Recorded data:
# # #
lemma sum_group_characters:
  assumes "finite (carrier G)" "x \<in> carrier G"
  shows "(\<Sum>c\<in>group_characters G. c x) = (if x = \<one> then of_nat (order G) else 0)"
proof (cases "x = \<one>")
  case True
  then show ?thesis using sum_group_characters_at_one card_group_characters[OF assms(1)] by simp
next
  case False
  then show ?thesis using sum_group_characters_at_ne_one[OF assms] by simp
qed

end

lemma (in normal) group_character_rcoset_mult:
  assumes "c \<in> group_characters (G Mod H)" "x \<in> carrier G" "y \<in> carrier G"
  shows "c (H #> (x \<otimes> y)) = c (H #> x) * c (H #> y)"
proof -
  have "H #> x \<in> carrier (G Mod H)" "H #> y \<in> carrier (G Mod H)"
    using assms(2,3) by (auto simp: carrier_FactGroup)
  then show ?thesis
    using assms(1) rcos_sum[OF assms(2,3)] unfolding group_characters_def by force
qed

lemma (in normal) group_character_rcoset_one:
  assumes "c \<in> group_characters (G Mod H)"
  shows "c (H #> \<one>) = 1"
  using group.group_character_one[OF factorgroup_is_group assms] by (simp add: coset_mult_one[OF subset])

lemma (in normal) sum_group_characters_rcosets:
  assumes "finite (carrier G)" "comm_group (G Mod H)" "T \<subseteq> carrier G"
  shows "(\<Sum>c\<in>group_characters (G Mod H). \<Sum>s\<in>T. c (H #> s)) =
    of_nat (order (G Mod H)) * of_nat (card (T \<inter> H))"
proof -
  have "(\<Sum>c\<in>group_characters (G Mod H). c (H #> s)) = (if s \<in> H then of_nat (order (G Mod H)) else 0)"
    if "s \<in> T" for s
  proof -
    have s: "s \<in> carrier G" using that assms(3) by blast
    have "H #> s \<in> carrier (G Mod H)" using s by (auto simp: carrier_FactGroup)
    moreover have "H #> s = \<one>\<^bsub>G Mod H\<^esub> \<longleftrightarrow> s \<in> H"
      using coset_join1[of H s] coset_join2[of s H] s is_subgroup by auto
    moreover have "finite (carrier (G Mod H))" using assms(1) by (simp add: carrier_FactGroup)
    ultimately show ?thesis using comm_group.sum_group_characters[OF assms(2)] by simp
  qed
  then have "(\<Sum>s\<in>T. \<Sum>c\<in>group_characters (G Mod H). c (H #> s)) =
      (\<Sum>s\<in>T. if s \<in> H then of_nat (order (G Mod H)) else 0)"
    by (rule sum.cong[OF refl])
  also have "\<dots> = of_nat (order (G Mod H)) * of_nat (card (T \<inter> H))"
    using finite_subset[OF assms(3,1)] by (simp add: sum.If_cases Int_def)
  finally show ?thesis by (rule trans[OF sum.swap])
qed

lemma (in normal) card_inter_eq_character_averages:
  assumes "finite (carrier G)" "comm_group (G Mod H)" "T \<subseteq> carrier G" "T \<noteq> {}"
  shows "of_nat (card (T \<inter> H)) / of_nat (card H) =
    (1 + (\<Sum>c\<in>group_characters (G Mod H) - {trivial_character (G Mod H)}.
            (\<Sum>s\<in>T. c (H #> s)) / of_nat (card T)))
    * of_nat (card T) / of_nat (order G)"
proof -
  interpret \<Phi>: comm_group "G Mod H" using assms(2) .
  let ?X = "group_characters (G Mod H)" and ?average = "\<lambda>c. (\<Sum>s\<in>T. c (H #> s)) / of_nat (card T)"
  have finite_\<Phi>: "finite (carrier (G Mod H))" using assms(1) by (simp add: carrier_FactGroup)
  have card_T: "card T \<noteq> 0" using assms(3,4) finite_subset[OF assms(3,1)] by simp
  have "(\<Sum>s\<in>T. trivial_character (G Mod H) (H #> s)) = of_nat (card T)"
    using assms(3) unfolding trivial_character_def by (simp add: carrier_FactGroup subset_iff)
  then have average_trivial: "?average (trivial_character (G Mod H)) = 1" using card_T by simp
  have "(\<Sum>c\<in>?X. ?average c) = of_nat (order (G Mod H)) * of_nat (card (T \<inter> H)) / of_nat (card T)"
    using sum_group_characters_rcosets[OF assms(1-3)] by (simp add: sum_divide_distrib[symmetric])
  then have sum_averages: "1 + (\<Sum>c\<in>?X - {trivial_character (G Mod H)}. ?average c) =
      of_nat (order (G Mod H)) * of_nat (card (T \<inter> H)) / of_nat (card T)"
    using sum.remove[OF \<Phi>.finite_group_characters[OF finite_\<Phi>] \<Phi>.trivial_character_in_group_characters,
      of ?average] average_trivial by simp
  have lagrange: "order G = order (G Mod H) * card H"
    using lagrange[OF is_subgroup] unfolding order_def by (simp add: FactGroup_def)
  have "order (G Mod H) \<noteq> 0" using finite_\<Phi> \<Phi>.one_closed unfolding order_def by auto
  moreover have "card H \<noteq> 0" using finite_imp_card_positive[OF assms(1)] by simp
  ultimately show ?thesis unfolding sum_averages lagrange using card_T by (simp add: field_simps)
qed

lemma multiplicative_on_product_group:
  fixes f :: "('i \<Rightarrow> 'a) \<Rightarrow> 'b :: comm_monoid_mult"
  assumes I: "finite I" and monoids: "\<And>i. i \<in> I \<Longrightarrow> monoid (G i)"
    and mult: "\<And>x y. x \<in> carrier (product_group I G) \<Longrightarrow> y \<in> carrier (product_group I G) \<Longrightarrow>
      f (x \<otimes>\<^bsub>product_group I G\<^esub> y) = f x * f y"
    and one: "f \<one>\<^bsub>product_group I G\<^esub> = 1"
    and s: "s \<in> carrier (product_group I G)"
  shows "f s = (\<Prod>l\<in>I. f (factor_embed I G l (s l)))"
proof -
  define s_on where "s_on J = (\<lambda>j\<in>I. if j \<in> J then s j else \<one>\<^bsub>G j\<^esub>)" for J
  have s_carrier: "s i \<in> carrier (G i)" if "i \<in> I" for i using s that by auto
  have s_on_carrier: "s_on J \<in> carrier (product_group I G)" for J
    using s_carrier monoids unfolding s_on_def by (auto simp: monoid.one_closed)
  have embed_carrier: "factor_embed I G l (s l) \<in> carrier (product_group I G)" if "l \<in> I" for l
    using s_carrier monoids that unfolding factor_embed_def by (auto simp: monoid.one_closed)
  have s_on_insert: "s_on (insert l J) = s_on J \<otimes>\<^bsub>product_group I G\<^esub> factor_embed I G l (s l)"
    if "l \<in> I" "l \<notin> J" for l J
    using that s_carrier monoids unfolding s_on_def factor_embed_def
    by (auto simp: fun_eq_iff monoid.l_one monoid.r_one monoid.one_closed)
  have "f (s_on J) = (\<Prod>l\<in>J. f (factor_embed I G l (s l)))" if "finite J" "J \<subseteq> I" for J
    using that
  proof (induction J rule: finite_induct)
    case empty
    have "s_on {} = \<one>\<^bsub>product_group I G\<^esub>" unfolding s_on_def by simp
    then show ?case using one by (metis prod.empty)
  next
    case (insert l J)
    have l: "l \<in> I" and J: "J \<subseteq> I" using insert.prems by auto
    have "f (s_on (insert l J)) = f (s_on J) * f (factor_embed I G l (s l))"
      unfolding s_on_insert[OF l insert.hyps(2)] by (rule mult[OF s_on_carrier embed_carrier[OF l]])
    then show ?case using insert.IH[OF J] insert.hyps by (simp add: mult.commute)
  qed
  moreover have "s_on I = s" using s unfolding s_on_def by (auto simp: PiE_def extensional_def)
  ultimately show ?thesis using I by blast
qed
# # #
> **ABOUT THIS EXERCISE**
Read through the entries, then copy every line where the string "monoids" is found.

> **EXERCISE RESPONSE**
  assumes I: "finite I" and monoids: "\<And>i. i \<in> I \<Longrightarrow> monoid (G i)"
    using s_carrier monoids unfolding s_on_def by (auto simp: monoid.one_closed)
    using s_carrier monoids that unfolding factor_embed_def by (auto simp: monoid.one_closed)
    using that s_carrier monoids unfolding s_on_def factor_embed_def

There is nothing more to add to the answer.